Snapshots of Doctoral Research at University College Cork

Cite this article:
Graham McAuliffe, Water and agriculture: a love/hate relationship, The Boolean, 2014, pp.73-78

Water and agriculture: a love/hate relationship

Graham McAuliffe

Department of Geography, School of the Human Environment, and School of Biological, Earth and Environmental Sciences

Water is life’s mater and matrix, mother and medium. There is no life without water (Albert Szent-Gyorgyi).

Setting the scene

Water

Although the majority of our planet is covered with water, 97 per cent of this is unsuitable for human consumption as it is too salty. Most of the remaining 3 per cent is found in land-ice which is predominately inaccessible, leaving less than 1 per cent available to humans and other animals in surface and ground waters. Water transports many substances, such as nutrients required by organisms, e.g. nitrogen (N) and phosphorus (P), but also many pathogens that cause disease. As a result, ensuring an adequate quantity of good quality water is critical to ensure human and ecosystem health into the future.

Agriculture

Food is equally important to human survival. Many other essential ingredients for life, such as carbohydrates, proteins, and fats, are only found in certain foods. This means agriculture is the most important activity on Earth, and accounts for about 80 per cent of freshwater usage; thus, the two resources are inextricably linked.

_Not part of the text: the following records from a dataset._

lemma laplacian_powr_shift:
  fixes \<phi> :: "real^'n::finite \<Rightarrow> real"
  assumes "open \<Omega>" "C2_on \<Omega> \<phi>" "\<forall>z\<in>\<Omega>. \<phi> z + e > 0" "y \<in> \<Omega>"
  shows "laplacian (\<lambda>x. d * (\<phi> x + e) powr t) y =
    d * t * ((t - 1) * (\<phi> y + e) powr (t - 2) * (norm (grad \<phi> y))\<^sup>2
             + (\<phi> y + e) powr (t - 1) * laplacian \<phi> y)"
proof -
  have "partial i (partial i (\<lambda>x. d * (\<phi> x + e) powr t)) y =
      d * t * ((t - 1) * (\<phi> y + e) powr (t - 2) * (partial i \<phi> y)\<^sup>2
               + (\<phi> y + e) powr (t - 1) * partial i (partial i \<phi>) y)" for i
    using partial_partial_powr_shift[OF assms(1,4,3)] assms(2)
    by (simp add: C2_on_def power2_eq_square mult.assoc)
  then show ?thesis
    unfolding laplacian_def norm_grad_squared
    by (simp add: sum.distrib sum_distrib_left distrib_left mult.assoc)
qed

lemma has_normal_deriv_compose:
  assumes nd: "has_normal_deriv \<nu> \<phi> x d" and G: "(G has_real_derivative G') (at (\<phi> x))"
  shows "has_normal_deriv \<nu> (\<lambda>z. G (\<phi> z)) x (G' * d)"
proof -
  obtain g where g: "\<And>z. G z - G (\<phi> x) = g z * (z - \<phi> x)" "isCont g (\<phi> x)" "g (\<phi> x) = G'"
    using G unfolding CARAT_DERIV by blast
  define u where "u t = \<phi> (x - t *\<^sub>R \<nu> x)" for t
  have quot: "((\<lambda>t. (\<phi> x - u t) / t) \<longlongrightarrow> d) (at_right 0)"
    using nd unfolding has_normal_deriv_def u_def .
  have "((\<lambda>t. \<phi> x - t * ((\<phi> x - u t) / t)) \<longlongrightarrow> \<phi> x - 0 * d) (at_right (0::real))"
    by (intro tendsto_intros quot)
  moreover have "\<forall>\<^sub>F t in at_right 0. \<phi> x - t * ((\<phi> x - u t) / t) = u t"
    using eventually_at_right_less[of 0] by (rule eventually_mono) simp
  ultimately have "(u \<longlongrightarrow> \<phi> x) (at_right 0)"
    by (simp add: tendsto_cong[symmetric])
  from tendsto_mult[OF isCont_tendsto_compose[OF g(2) this] quot]
  have lim: "((\<lambda>t. g (u t) * ((\<phi> x - u t) / t)) \<longlongrightarrow> G' * d) (at_right 0)" by (simp add: g(3))
  have eq: "g (u t) * ((\<phi> x - u t) / t) = (G (\<phi> x) - G (u t)) / t" for t
  proof -
    have "g (u t) * (\<phi> x - u t) = G (\<phi> x) - G (u t)" using g(1)[of "u t"] by (simp add: algebra_simps)
    then show ?thesis by (metis times_divide_eq_right)
  qed
  show ?thesis using lim unfolding eq unfolding has_normal_deriv_def u_def .
qed

lemma small_shift_square_le:
  fixes \<tau> \<beta> \<eta> c :: real
  assumes "0 < \<tau>" "\<tau> < 1" "\<tau> * \<beta> > 1" "\<eta> > 0" "c > 0"
  shows "\<exists>\<epsilon>0>0. \<forall>\<epsilon> f S. 0 < \<epsilon> \<and> \<epsilon> \<le> \<epsilon>0 \<and> 0 < f \<and> 0 \<le> S \<and> (f < \<eta> \<longrightarrow> c \<le> S) \<longrightarrow>
            (f + \<epsilon>)\<^sup>2 \<le> \<tau> * (1 - \<tau>) * S + \<tau> * \<beta> * f * (f + \<epsilon>)"
proof -
  define \<epsilon>0 where "\<epsilon>0 = min 1 (min ((\<tau> * \<beta> - 1) * \<eta>) (\<tau> * (1 - \<tau>) * c / (\<eta> + 1)))"
  have "\<epsilon>0 > 0" using assms by (simp add: \<epsilon>0_def)
  moreover have "(f + \<epsilon>)\<^sup>2 \<le> \<tau> * (1 - \<tau>) * S + \<tau> * \<beta> * f * (f + \<epsilon>)"
    if \<epsilon>: "0 < \<epsilon>" "\<epsilon> \<le> \<epsilon>0" and f: "0 < f" and S: "0 \<le> S" "f < \<eta> \<longrightarrow> c \<le> S" for \<epsilon> f S
  proof -
    have split: "(f + \<epsilon>)\<^sup>2 = \<epsilon> * (f + \<epsilon>) + f * (f + \<epsilon>)" by (simp add: power2_eq_square algebra_simps)
    have "f * (f + \<epsilon>) \<le> \<tau> * \<beta> * f * (f + \<epsilon>)" using assms f \<epsilon> by (simp add: mult_le_cancel_right1)
    moreover have "\<epsilon> * (f + \<epsilon>) \<le> \<tau> * (1 - \<tau>) * S + (\<tau> * \<beta> - 1) * f * (f + \<epsilon>)"
    proof (cases "f < \<eta>")
      \<comment> \<open>Near the boundary the gradient term absorbs the shift, in the interior the eigenvalue term does.\<close>
      case True
      have "\<epsilon> * (f + \<epsilon>) \<le> \<epsilon>0 * (\<eta> + 1)"
        using True \<epsilon> f by (intro mult_mono) (auto simp: \<epsilon>0_def)
      also have "\<dots> \<le> \<tau> * (1 - \<tau>) * c"
      proof -
        have "\<epsilon>0 \<le> \<tau> * (1 - \<tau>) * c / (\<eta> + 1)" by (simp add: \<epsilon>0_def)
        then show ?thesis using assms by (simp add: pos_le_divide_eq)
      qed
      also have "\<dots> \<le> \<tau> * (1 - \<tau>) * S" using True S assms by (simp add: mult_left_mono)
      finally show ?thesis using assms f \<epsilon> by (smt (verit) mult_pos_pos)
    next
      case False
      have "\<epsilon> \<le> (\<tau> * \<beta> - 1) * f"
        using False \<epsilon> assms by (smt (verit, best) \<epsilon>0_def mult_left_mono min.boundedE)
      then have "\<epsilon> * (f + \<epsilon>) \<le> (\<tau> * \<beta> - 1) * f * (f + \<epsilon>)" using f \<epsilon> by (simp add: mult_right_mono)
      then show ?thesis using assms S by (smt (verit) mult_nonneg_nonneg)
    qed
    ultimately show ?thesis unfolding split by (simp add: algebra_simps)
  qed
  ultimately show ?thesis by blast
qed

Traditionally, agriculture would not have been quite as demanding on water use. Across Europe before the introduction of the Common Agricultural Policy, farming was carried out on mixed farms which combined the growing of crops and raising of animals. From the nineteen sixties, however, European policy began encouraging farmers to maximise production outputs by specialising in a single crop or livestock system. A drive for adopting mechanisation and intensive production has since changed farming in Europe considerably. For example, the majority of pig production now occurs in indoor units which house thousands of animals at once. Not only does this increase water demands, it also increases pressures on the environment by generating higher levels of manure which, if managed inefficiently, can lead to excess nutrients entering water-bodies causing ecological deterioration.

A love/hate relationship

While agriculture relies heavily on the availability of water for the production of crops and livestock, the relationship is in some senses one-sided. As mentioned previously, water is an essential source of nitrogen and phosphorus for organisms. Take nitrogen, for example, the most abundant element in the atmosphere but which is useless to us in its gaseous form, N2. N2 must be broken down, or fixed, to ammonia (NH3) by bacteria before it is accessible to plants and animals. Phosphorus, on the other hand, is not found as a gas in the atmosphere. Instead, it is stored in rocks as phosphates and usually enters water naturally after erosion has occurred. Though essential for the growth of life, excessive quantities of nitrogen and phosphorus in waterways can result in the water becoming unsuitable for many common uses. This is where a major crack in the relationship forms.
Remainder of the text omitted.